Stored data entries

=== Begin Enclosure ===

text \<open>Two words represent the same element of the graph product iff they are
related by the equivalence relation generated by the moves.\<close>
definition gp_equiv :: "'v set \<Rightarrow> ('v \<Rightarrow> 'v \<Rightarrow> bool) \<Rightarrow> ('v \<Rightarrow> 'g monoid)
    \<Rightarrow> (('v \<times> 'g) list \<times> ('v \<times> 'g) list) set" where
  "gp_equiv V E G = {(w, w'). wf_word V G w \<and> wf_word V G w' \<and>
      (w, w') \<in> (gp_move V E G \<union> (gp_move V E G)\<inverse>)\<^sup>*}"

definition gp_elems :: "'v set \<Rightarrow> ('v \<Rightarrow> 'v \<Rightarrow> bool) \<Rightarrow> ('v \<Rightarrow> 'g monoid)
    \<Rightarrow> ('v \<times> 'g) list set set" where
  "gp_elems V E G = {w. wf_word V G w} // gp_equiv V E G"

definition reduced_word :: "'v set \<Rightarrow> ('v \<Rightarrow> 'v \<Rightarrow> bool) \<Rightarrow> ('v \<Rightarrow> 'g monoid)
    \<Rightarrow> ('v \<times> 'g) list \<Rightarrow> bool" where
  "reduced_word V E G w \<longleftrightarrow> wf_word V G w \<and>
     (\<forall>w'. (w, w') \<in> (swap_move V E G)\<^sup>* \<longrightarrow>
        (\<forall>(v,a)\<in>set w'. a \<noteq> \<one>\<^bsub>G v\<^esub>) \<and>
        (\<forall>xs u a v b ys. w' = xs @ [(u,a),(v,b)] @ ys \<longrightarrow> u \<noteq> v))"

definition d_tail :: "'v set \<Rightarrow> ('v \<Rightarrow> 'v \<Rightarrow> bool) \<Rightarrow> ('v \<Rightarrow> 'g monoid)
    \<Rightarrow> ('v \<times> 'g) list set \<Rightarrow> nat \<Rightarrow> ('v \<times> 'g) set" where
  "d_tail V E G g d = {s. \<exists>w. w \<in> g \<and> reduced_word V E G w \<and>
       s \<in> set (drop (length w - d) w)}"

definition clique_number :: "'v set \<Rightarrow> ('v \<Rightarrow> 'v \<Rightarrow> bool) \<Rightarrow> nat" where
  "clique_number V E = Max {card C | C. C \<subseteq> V \<and> (\<forall>x\<in>C. \<forall>y\<in>C. x \<noteq> y \<longrightarrow> E x y)}"

end

theory Submission
  imports Defs
begin

text \<open>Reduced words representing the same element differ only by swaps.  This normal form
theorem is proved with van der Waerden's trick: a word acts letter by letter on reduced words,
every move of the graph product changes the result only up to swaps, and acting with a reduced
word on the empty word returns that word up to swaps.

Call a syllable of a reduced word \<open>u\<close> last if some swap-equivalent word ends with it.  Last
syllables have pairwise distinct vertices (cancellation from the right) and these vertices are
pairwise adjacent (two distinct non-adjacent vertices cannot both be moved to the end), so there
are at most \<open>\<kappa>\<close> of them.  Deleting from \<open>u\<close> the last syllable of every such vertex turns each
syllable of the \<open>(d+1)\<close>-tail that is not a last syllable into a syllable of the \<open>d\<close>-tail of the
shorter word, and induction on \<open>d\<close> gives the bound \<open>d\<kappa>\<close>.\<close>

fun del_first_at :: "'v \<Rightarrow> ('v \<times> 'a) list \<Rightarrow> ('v \<times> 'a) list" where
  "del_first_at v [] = []"
| "del_first_at v (s # r) = (if fst s = v then r else s # del_first_at v r)"

definition del_last_at :: "'v \<Rightarrow> ('v \<times> 'a) list \<Rightarrow> ('v \<times> 'a) list" where
  "del_last_at v w = rev (del_first_at v (rev w))"

definition last_at :: "'v \<Rightarrow> ('v \<times> 'a) list \<Rightarrow> 'a" where
  "last_at v w = snd (last (filter (\<lambda>s. fst s = v) w))"

fun reaches_via_link :: "('v \<Rightarrow> 'v \<Rightarrow> bool) \<Rightarrow> 'v \<Rightarrow> ('v \<times> 'a) list \<Rightarrow> bool" where
  "reaches_via_link E v [] = False"
| "reaches_via_link E v (s # r) = (fst s = v \<or> (E v (fst s) \<and> reaches_via_link E v r))"

lemma del_first_at_append:
  "del_first_at v (p @ q) = (if \<exists>s\<in>set p. fst s = v then del_first_at v p @ q else p @ del_first_at v q)"
  by (induction p) auto

lemma del_first_at_subset: "set (del_first_at v r) \<subseteq> set r"
  by (induction r) auto

lemma del_last_at_subset: "set (del_last_at v w) \<subseteq> set w"
  unfolding del_last_at_def using del_first_at_subset by fastforce

lemma del_last_at_append:
  "del_last_at v (p @ q) = (if \<exists>s\<in>set q. fst s = v then p @ del_last_at v q else del_last_at v p @ q)"
  unfolding del_last_at_def by (auto simp: del_first_at_append)

lemma del_last_at_snoc_same [simp]: "del_last_at v (x @ [(v,c)]) = x"
  unfolding del_last_at_def by simp

lemma del_last_at_snoc_other: "u \<noteq> v \<Longrightarrow> del_last_at v (x @ [(u,c)]) = del_last_at v x @ [(u,c)]"
  unfolding del_last_at_def by simp

lemma last_at_snoc_same [simp]: "last_at v (x @ [(v,c)]) = c"
  unfolding last_at_def by simp

lemma reaches_via_link_append:
  "reaches_via_link E v (p @ q) \<longleftrightarrow>
     reaches_via_link E v p \<or> (\<forall>s\<in>set p. E v (fst s)) \<and> reaches_via_link E v q"
  by (induction p) auto

fun del_first_of :: "'v set \<Rightarrow> ('v \<times> 'a) list \<Rightarrow> ('v \<times> 'a) list" where
  "del_first_of S [] = []"
| "del_first_of S (s # r) =
     (if fst s \<in> S then del_first_of (S - {fst s}) r else s # del_first_of S r)"

definition del_last_of :: "'v set \<Rightarrow> ('v \<times> 'a) list \<Rightarrow> ('v \<times> 'a) list" where
  "del_last_of S w = rev (del_first_of S (rev w))"

lemma del_first_of_append:
  "del_first_of S (p @ q) = del_first_of S p @ del_first_of (S - fst ` set p) q"
proof (induction p arbitrary: S)
  case (Cons s p)
  show ?case
  proof (cases "fst s \<in> S")
    case True
    then show ?thesis
      using Cons[of "S - {fst s}"] by (simp add: Diff_insert2[symmetric] insert_commute)
  next
    case False
    then have "S - insert (fst s) (fst ` set p) = S - fst ` set p" by blast
    then show ?thesis using Cons[of S] False by simp
  qed
qed simp

lemma del_first_of_subset: "set (del_first_of S r) \<subseteq> set r"
  by (induction r arbitrary: S) auto

lemma length_del_first_of: "length (del_first_of S r) \<le> length r"
  by (induction r arbitrary: S) (auto simp: le_SucI)

lemma del_first_of_mem:
  assumes "s \<in> set r"
  shows "s \<in> set (del_first_of S r) \<or> fst s \<in> S \<and> s = hd (filter (\<lambda>t. fst t = fst s) r)"
  using assms by (induction r arbitrary: S) (auto split: if_splits)

lemma set_suffix_subset_drop:
  assumes "length q \<le> d"
  shows "set q \<subseteq> set (drop (length (p @ q) - d) (p @ q))"
proof -
  have "length (p @ q) - d \<le> length p" using assms by simp
  then show ?thesis by simp
qed

lemma del_last_of_append:
  "del_last_of S (p @ q) = del_last_of (S - fst ` set q) p @ del_last_of S q"
  unfolding del_last_of_def by (simp add: del_first_of_append)

lemma del_last_of_subset: "set (del_last_of S w) \<subseteq> set w"
  unfolding del_last_of_def using del_first_of_subset by fastforce

lemma suffix_del_last_of:
  assumes s: "s \<in> set (drop (length w - Suc d) w)" and S: "fst (last w) \<in> S"
  shows "s \<in> set (drop (length (del_last_of S w) - d) (del_last_of S w))
    \<or> fst s \<in> S \<and> s = last (filter (\<lambda>t. fst t = fst s) w)"
proof -
  define p where "p = take (length w - Suc d) w"
  define q where "q = drop (length w - Suc d) w"
  have w: "w = p @ q" and q: "length q \<le> Suc d" "s \<in> set q"
    using s unfolding p_def q_def by auto
  then have "last q = last w" by (metis empty_iff empty_set last_appendR)
  then obtain q0 where q0: "rev q = last w # q0" "length q0 \<le> d"
    using q by (cases "rev q") auto
  define q' where "q' = rev (del_first_of S (rev q))"
  have "length q' \<le> d"
    using q0 S length_del_first_of[of "S - {fst (last w)}" q0] unfolding q'_def by simp
  then have suffix: "set q' \<subseteq> set (drop (length (del_last_of S w) - d) (del_last_of S w))"
    using set_suffix_subset_drop[of q' d] unfolding w del_last_of_def q'_def
    by (simp add: del_first_of_append)
  have "s \<in> set (rev q)" using q by simp
  from del_first_of_mem[OF this, of S] show ?thesis
  proof
    assume "s \<in> set (del_first_of S (rev q))"
    then show ?thesis using suffix unfolding q'_def by auto
  next
    let ?P = "\<lambda>t. fst t = fst s"
    assume last: "fst s \<in> S \<and> s = hd (filter ?P (rev q))"
    have "filter ?P (rev q) \<noteq> []" using q by (simp add: filter_empty_conv) blast
    then have "hd (filter ?P (rev q)) = last (filter ?P w)"
      unfolding w by (simp add: rev_filter[symmetric] hd_rev)
    then show ?thesis using last by simp
  qed
qed

definition clique :: "('v \<Rightarrow> 'v \<Rightarrow> bool) \<Rightarrow> 'v set \<Rightarrow> bool" where
  "clique E C \<longleftrightarrow> (\<forall>x\<in>C. \<forall>y\<in>C. x \<noteq> y \<longrightarrow> E x y)"

lemma card_clique_le_clique_number:
  assumes "finite V" "C \<subseteq> V" "clique E C"
  shows "card C \<le> clique_number V E"
proof -
  have "finite {card C | C. C \<subseteq> V \<and> clique E C}"
    using assms(1) by (auto intro: finite_subset[of _ "card ` Pow V"])
  then show ?thesis
    using assms(2,3) unfolding clique_number_def clique_def by (auto intro: Max_ge)
qed

section \<open>Swap equivalence\<close>

locale graph_product =
  fixes V :: "'v set" and E :: "'v \<Rightarrow> 'v \<Rightarrow> bool" and G :: "'v \<Rightarrow> 'g monoid"
  assumes adj_sym: "E u v \<Longrightarrow> E v u" and adj_irrefl: "\<not> E v v"
    and vertex_group: "v \<in> V \<Longrightarrow> group (G v)"
begin

abbreviation wf :: "('v \<times> 'g) list \<Rightarrow> bool" where "wf \<equiv> wf_word V G"

abbreviation swap_equiv :: "('v \<times> 'g) list \<Rightarrow> ('v \<times> 'g) list \<Rightarrow> bool" (infix "\<approx>" 50)
  where "w \<approx> w' \<equiv> (w, w') \<in> (swap_move V E G)\<^sup>*"

lemma wf_append [simp]: "wf (xs @ ys) \<longleftrightarrow> wf xs \<and> wf ys"
  unfolding wf_word_def by auto

lemma wf_Cons [simp]: "wf ((v,a) # ys) \<longleftrightarrow> v \<in> V \<and> a \<in> carrier (G v) \<and> wf ys"
  unfolding wf_word_def by auto

lemma wf_Nil [simp]: "wf []"
  unfolding wf_word_def by auto

lemma wf_subset: "wf w \<Longrightarrow> set w' \<subseteq> set w \<Longrightarrow> wf w'"
  unfolding wf_word_def by auto

lemma swap_move_iff:
  "(w, w') \<in> swap_move V E G \<longleftrightarrow> (\<exists>xs u a v b ys. w = xs @ [(u,a),(v,b)] @ ys \<and>
     w' = xs @ [(v,b),(u,a)] @ ys \<and> wf w \<and> E u v)"
  unfolding swap_move_def by blast

lemma swap_move_sym: "(w, w') \<in> swap_move V E G \<Longrightarrow> (w', w) \<in> swap_move V E G"
  unfolding swap_move_iff by (fastforce simp: adj_sym)

lemma swap_equiv_swap:
  "wf (xs @ [(u,a),(v,b)] @ ys) \<Longrightarrow> E u v \<Longrightarrow> xs @ [(u,a),(v,b)] @ ys \<approx> xs @ [(v,b),(u,a)] @ ys"
  unfolding swap_move_def by blast

lemma swap_equiv_sym: "w \<approx> w' \<Longrightarrow> w' \<approx> w"
  by (induction rule: rtrancl_induct) (auto intro: converse_rtrancl_into_rtrancl swap_move_sym)

lemma swap_equiv_trans: "w \<approx> w' \<Longrightarrow> w' \<approx> w'' \<Longrightarrow> w \<approx> w''"
  by (rule rtrancl_trans)

lemma swap_equiv_invariant:
  assumes "\<And>w w'. (w, w') \<in> swap_move V E G \<Longrightarrow> f w = f w'"
  shows "w \<approx> w' \<Longrightarrow> f w = f w'"
  by (induction rule: rtrancl_induct) (auto dest: assms)

lemma swap_equiv_map:
  assumes "\<And>w w'. (w, w') \<in> swap_move V E G \<Longrightarrow> f w \<approx> f w'"
  shows "w \<approx> w' \<Longrightarrow> f w \<approx> f w'"
  by (induction rule: rtrancl_induct) (auto dest: assms intro: rtrancl_trans)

=== End Enclosure ===

For the lines above, output exactly those from the line containing "q) = del_last_of" through the line containing "V \<and> clique", and skip the others.

§ OUTPUT FOR THIS TASK:
  "del_last_of S (p @ q) = del_last_of (S - fst ` set q) p @ del_last_of S q"
  unfolding del_last_of_def by (simp add: del_first_of_append)

lemma del_last_of_subset: "set (del_last_of S w) \<subseteq> set w"
  unfolding del_last_of_def using del_first_of_subset by fastforce

lemma suffix_del_last_of:
  assumes s: "s \<in> set (drop (length w - Suc d) w)" and S: "fst (last w) \<in> S"
  shows "s \<in> set (drop (length (del_last_of S w) - d) (del_last_of S w))
    \<or> fst s \<in> S \<and> s = last (filter (\<lambda>t. fst t = fst s) w)"
proof -
  define p where "p = take (length w - Suc d) w"
  define q where "q = drop (length w - Suc d) w"
  have w: "w = p @ q" and q: "length q \<le> Suc d" "s \<in> set q"
    using s unfolding p_def q_def by auto
  then have "last q = last w" by (metis empty_iff empty_set last_appendR)
  then obtain q0 where q0: "rev q = last w # q0" "length q0 \<le> d"
    using q by (cases "rev q") auto
  define q' where "q' = rev (del_first_of S (rev q))"
  have "length q' \<le> d"
    using q0 S length_del_first_of[of "S - {fst (last w)}" q0] unfolding q'_def by simp
  then have suffix: "set q' \<subseteq> set (drop (length (del_last_of S w) - d) (del_last_of S w))"
    using set_suffix_subset_drop[of q' d] unfolding w del_last_of_def q'_def
    by (simp add: del_first_of_append)
  have "s \<in> set (rev q)" using q by simp
  from del_first_of_mem[OF this, of S] show ?thesis
  proof
    assume "s \<in> set (del_first_of S (rev q))"
    then show ?thesis using suffix unfolding q'_def by auto
  next
    let ?P = "\<lambda>t. fst t = fst s"
    assume last: "fst s \<in> S \<and> s = hd (filter ?P (rev q))"
    have "filter ?P (rev q) \<noteq> []" using q by (simp add: filter_empty_conv) blast
    then have "hd (filter ?P (rev q)) = last (filter ?P w)"
      unfolding w by (simp add: rev_filter[symmetric] hd_rev)
    then show ?thesis using last by simp
  qed
qed

definition clique :: "('v \<Rightarrow> 'v \<Rightarrow> bool) \<Rightarrow> 'v set \<Rightarrow> bool" where
  "clique E C \<longleftrightarrow> (\<forall>x\<in>C. \<forall>y\<in>C. x \<noteq> y \<longrightarrow> E x y)"

lemma card_clique_le_clique_number:
  assumes "finite V" "C \<subseteq> V" "clique E C"
  shows "card C \<le> clique_number V E"
proof -
  have "finite {card C | C. C \<subseteq> V \<and> clique E C}"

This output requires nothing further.